After his return to London in 1756 his early essays and verses attracted the attention of Dr. Johnson, and he became a member of the illustrious group that gathered round that literary monarch. The years between 1759 and 1773 were the most productive of his entire career. The Vicar of Wakefield, which is a landmark in the development of prose fiction, appeared in 1766. Like Addison and Steele and other of the periodical essayists, Goldsmith wrote several short stories of high merit. The Disabled Soldier was first printed in the Citizen of the World, in 1760.
The Disabled Soldier
From the Citizen of the World

No observation is more common, and at the same time more true, than that one half of the world are ignorant how the other half lives. The misfortunes of the great are held up to engage our attention; are enlarged upon in tones of declamation; and the world is called upon to gaze at the noble sufferers: the great, under the pressure of calamity, are conscious of several others sympathizing with their distress; and have, at once, the comfort of admiration and pity.
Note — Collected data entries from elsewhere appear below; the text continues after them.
lemma rcosets_fixed_points_cong:
  assumes R: "subgroup R G" and H: "subgroup H G" and RH: "R \<subseteq> H" and fin: "finite H"
    and B: "subgroup B G" and BH: "B \<subseteq> H" and card_B: "card B = p ^ n" and p: "Factorial_Ring.prime p"
  shows "card ((\<lambda>h. R #> h) ` H) mod p = card {C \<in> (\<lambda>h. R #> h) ` H. \<forall>b\<in>B. C #> b = C} mod p"
proof -
  interpret R: subgroup R G by fact
  interpret H: subgroup H G by fact
  interpret B: subgroup B G by fact
  have coset: "C \<subseteq> carrier G" if C: "C \<in> (\<lambda>h. R #> h) ` H" for C
  proof -
    obtain h where "h \<in> H" "C = R #> h"
      using C by (rule imageE)
    then show ?thesis
      using r_coset_subset_G[OF R.subset] by simp
  qed
  have "card ((\<lambda>h. R #> h) ` H) mod p = card {C \<in> (\<lambda>h. R #> h) ` H. \<forall>b\<in>B. C #> inv b = C} mod p"
  proof (rule p_subgroup_action_fixed_points_cong[OF B card_B p])
    show "finite ((\<lambda>h. R #> h) ` H)"
      using fin by simp
  next
    fix b C assume b: "b \<in> B" and C: "C \<in> (\<lambda>h. R #> h) ` H"
    obtain h where h: "h \<in> H" "C = R #> h"
      using C by (rule imageE)
    have "h \<in> carrier G" "inv b \<in> carrier G"
      using h(1) b by auto
    then have "C #> inv b = R #> (h \<otimes> inv b)"
      unfolding h(2) using coset_mult_assoc[OF R.subset] by simp
    moreover have "h \<otimes> inv b \<in> H"
      using h(1) b BH by (simp add: subsetD)
    ultimately show "C #> inv b \<in> (\<lambda>h. R #> h) ` H"
      by (rule image_eqI)
  next
    fix C assume "C \<in> (\<lambda>h. R #> h) ` H"
    then show "C #> inv \<one> = C"
      using coset by simp
  next
    fix a b C assume "a \<in> B" "b \<in> B" "C \<in> (\<lambda>h. R #> h) ` H"
    then show "C #> inv (a \<otimes> b) = C #> inv b #> inv a"
      using coset_mult_assoc[OF coset] by (simp add: inv_mult_group)
  qed
  moreover have "(\<forall>b\<in>B. C #> inv b = C) \<longleftrightarrow> (\<forall>b\<in>B. C #> b = C)" for C
    using subgroup_ball_inv_iff[OF B, of "\<lambda>b. C #> b = C"] .
  ultimately show ?thesis
    by simp
qed

lemma rcos_fixed_imp_conj_mem:
  assumes R: "subgroup R G" and g: "g \<in> carrier G" and b: "b \<in> carrier G"
    and fixed: "R #> g #> b = R #> g"
  shows "g \<otimes> b \<otimes> inv g \<in> R"
proof -
  have "R #> (g \<otimes> b) = R #> g"
    using fixed coset_mult_assoc[OF subgroup.subset[OF R] g b] by simp
  moreover have "g \<otimes> b \<in> R #> (g \<otimes> b)"
    using rcos_self[OF _ R] g b by simp
  ultimately have "g \<otimes> b \<in> R #> g"
    by simp
  then show ?thesis
    using subgroup.rcos_module_imp[OF R is_group g] by blast
qed
lemma summable_norm_complete:
  fixes f :: "nat \<Rightarrow> 'a::{real_normed_vector, complete_space}"
  assumes "summable (\<lambda>n. norm (f n))"
  shows "norm (suminf f) \<le> (\<Sum>n. norm (f n))"
  by (rule LIMSEQ_le[OF tendsto_norm[OF summable_LIMSEQ[OF summable_norm_cancel_complete[OF assms]]]
        summable_LIMSEQ[OF assms]]) (auto intro: norm_sum)

lemma exp_power_series_sums: "(\<lambda>n. r ^ n / fact n) sums exp (r::real)"
  using exp_converges[of r] by (simp add: divide_inverse ac_simps)

lemma bounded_linear_funpow:
  fixes A :: "'a::real_normed_vector \<Rightarrow> 'a"
  assumes "bounded_linear A"
  shows "bounded_linear (A ^^ n)"
proof (induction n)
  case (Suc n)
  then show ?case
    using bounded_linear_compose[OF assms Suc] by (simp add: o_def)
qed (simp add: id_def bounded_linear_ident)

text \<open>The difference between square and triangular partial sums is dominated by the same
  difference for the real Cauchy product of \<alpha> and \<beta>, which tends to zero.\<close>

lemma diagonal_sums_of_square_limit:
  fixes c :: "nat \<Rightarrow> nat \<Rightarrow> 'a::real_normed_vector"
  assumes bound: "\<And>i j. norm (c i j) \<le> \<alpha> i * \<beta> j"
    and \<alpha>: "\<And>i. 0 \<le> \<alpha> i" "summable \<alpha>" and \<beta>: "\<And>j. 0 \<le> \<beta> j" "summable \<beta>"
    and square: "(\<lambda>n. \<Sum>i<n. \<Sum>j<n. c i j) \<longlonglongrightarrow> L"
  shows "(\<lambda>k. \<Sum>i\<le>k. c i (k - i)) sums L"
proof -
  define Sq where "Sq n = {..<n} \<times> {..<n}" for n :: nat
  define Tr where "Tr n = {(i, j). i + j < n}" for n :: nat
  have Tr_Sq: "Tr n \<subseteq> Sq n" and fin: "finite (Sq n)" for n
    by (auto simp: Tr_def Sq_def)
  note sum_Sq = Sq_def sum.cartesian_product
  note sum_Tr = sum.triangle_reindex[folded Tr_def]
  have "(\<lambda>n. (\<Sum>i<n. \<alpha> i) * (\<Sum>j<n. \<beta> j)) \<longlonglongrightarrow> suminf \<alpha> * suminf \<beta>"
    by (intro tendsto_mult summable_LIMSEQ \<alpha> \<beta>)
  then have lim_Sq: "(\<lambda>n. \<Sum>(i, j)\<in>Sq n. \<alpha> i * \<beta> j) \<longlonglongrightarrow> suminf \<alpha> * suminf \<beta>"
    by (simp add: sum_Sq sum_product)
  have "(\<lambda>k. \<Sum>i\<le>k. \<alpha> i * \<beta> (k - i)) sums (suminf \<alpha> * suminf \<beta>)"
    using Cauchy_product_sums[of \<alpha> \<beta>] \<alpha> \<beta> by simp
  then have lim_Tr: "(\<lambda>n. \<Sum>(i, j)\<in>Tr n. \<alpha> i * \<beta> j) \<longlonglongrightarrow> suminf \<alpha> * suminf \<beta>"
    by (simp add: sums_def sum_Tr)
  have dominated: "norm ((\<Sum>(i, j)\<in>Sq n. c i j) - (\<Sum>(i, j)\<in>Tr n. c i j))
      \<le> (\<Sum>(i, j)\<in>Sq n. \<alpha> i * \<beta> j) - (\<Sum>(i, j)\<in>Tr n. \<alpha> i * \<beta> j)" for n
  proof -
    have "norm ((\<Sum>(i, j)\<in>Sq n. c i j) - (\<Sum>(i, j)\<in>Tr n. c i j)) = norm (\<Sum>(i, j)\<in>Sq n - Tr n. c i j)"
      by (simp add: sum_diff[OF fin Tr_Sq])
    also have "\<dots> \<le> (\<Sum>(i, j)\<in>Sq n - Tr n. \<alpha> i * \<beta> j)"
      by (rule order_trans[OF norm_sum sum_mono]) (auto simp: bound)
    finally show ?thesis
      by (simp add: sum_diff[OF fin Tr_Sq])
  qed
  have "(\<lambda>n. (\<Sum>(i, j)\<in>Sq n. \<alpha> i * \<beta> j) - (\<Sum>(i, j)\<in>Tr n. \<alpha> i * \<beta> j)) \<longlonglongrightarrow> 0"
    using tendsto_diff[OF lim_Sq lim_Tr] by simp
  then have "(\<lambda>n. (\<Sum>(i, j)\<in>Sq n. c i j) - (\<Sum>(i, j)\<in>Tr n. c i j)) \<longlonglongrightarrow> 0"
    by (rule Lim_null_comparison[rotated]) (use dominated in auto)
  moreover have "(\<lambda>n. \<Sum>(i, j)\<in>Sq n. c i j) \<longlonglongrightarrow> L"
    using square by (simp add: sum_Sq)
  ultimately have "(\<lambda>n. \<Sum>(i, j)\<in>Tr n. c i j) \<longlonglongrightarrow> L"
    by (rule Lim_transform2[rotated])
  then show ?thesis
    by (simp add: sums_def sum_Tr)
qed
The Disabled Soldier – There is nothing magnanimous in bearing misfortunes with fortitude, when the whole world is looking on: men in such circumstances will act bravely even from motives of vanity: but he who, in the vale of obscurity, can brave adversity; who without friends to encourage, acquaintances to pity, or even without hope to alleviate his misfortunes, can behave with tranquillity and indifference, is truly great: whether peasant or courtier, he deserves admiration, and should be held up for our imitation and respect.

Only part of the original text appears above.